lemma right_weak_invariant_imp_skew_idealizer:
  assumes "right_weak_invariant \<sigma> \<delta> B f"
  shows "\<And>c. c \<in> B \<Longrightarrow> [:c:] \<in> skew_idealizer \<sigma> \<delta> f"
    and "[:0, 1:] \<in> skew_idealizer \<sigma> \<delta> f"
  using assms unfolding right_weak_invariant_def skew_idealizer_def by blast+

theorem mainTheorem4:
  fixes \<sigma> \<delta> :: "'a::division_ring \<Rightarrow> 'a" and B :: "'a set" and f :: "'a poly"
  assumes "is_ring_endo \<sigma>"
    and "is_left_sigma_derivation \<sigma> \<delta>"
    and "is_subring B"
    and "lead_coeff f = 1"
    and "degree f \<ge> 2"
    and "right_weak_invariant \<sigma> \<delta> B f"
  shows "{p. degree p < degree f \<and> (\<forall>i. coeff p i \<in> B)} \<subseteq> Sf_right_nucleus \<sigma> \<delta> f"
proof -
  interpret skew_polynomial_ring \<sigma> \<delta>
    using assms(1,2) by unfold_locales
  have "{p. degree p < degree f \<and> (\<forall>i. coeff p i \<in> B)}
      \<subseteq> {x \<in> skew_idealizer \<sigma> \<delta> f. degree x < degree f}"
    using poly_in_skew_idealizer right_weak_invariant_imp_skew_idealizer[OF assms(6)] by auto
  also have "\<dots> \<subseteq> Sf_right_nucleus \<sigma> \<delta> f"
    using skew_idealizer_subset_right_nucleus assms(4,5) by simp
  finally show ?thesis .
qed

end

########################################

To do: Write out every entry again, exactly as it appears.

Solved exercise:
lemma right_weak_invariant_imp_skew_idealizer:
  assumes "right_weak_invariant \<sigma> \<delta> B f"
  shows "\<And>c. c \<in> B \<Longrightarrow> [:c:] \<in> skew_idealizer \<sigma> \<delta> f"
    and "[:0, 1:] \<in> skew_idealizer \<sigma> \<delta> f"
  using assms unfolding right_weak_invariant_def skew_idealizer_def by blast+

theorem mainTheorem4:
  fixes \<sigma> \<delta> :: "'a::division_ring \<Rightarrow> 'a" and B :: "'a set" and f :: "'a poly"
  assumes "is_ring_endo \<sigma>"
    and "is_left_sigma_derivation \<sigma> \<delta>"
    and "is_subring B"
    and "lead_coeff f = 1"
    and "degree f \<ge> 2"
    and "right_weak_invariant \<sigma> \<delta> B f"
  shows "{p. degree p < degree f \<and> (\<forall>i. coeff p i \<in> B)} \<subseteq> Sf_right_nucleus \<sigma> \<delta> f"
proof -
  interpret skew_polynomial_ring \<sigma> \<delta>
    using assms(1,2) by unfold_locales
  have "{p. degree p < degree f \<and> (\<forall>i. coeff p i \<in> B)}
      \<subseteq> {x \<in> skew_idealizer \<sigma> \<delta> f. degree x < degree f}"
    using poly_in_skew_idealizer right_weak_invariant_imp_skew_idealizer[OF assms(6)] by auto
  also have "\<dots> \<subseteq> Sf_right_nucleus \<sigma> \<delta> f"
    using skew_idealizer_subset_right_nucleus assms(4,5) by simp
  finally show ?thesis .
qed

end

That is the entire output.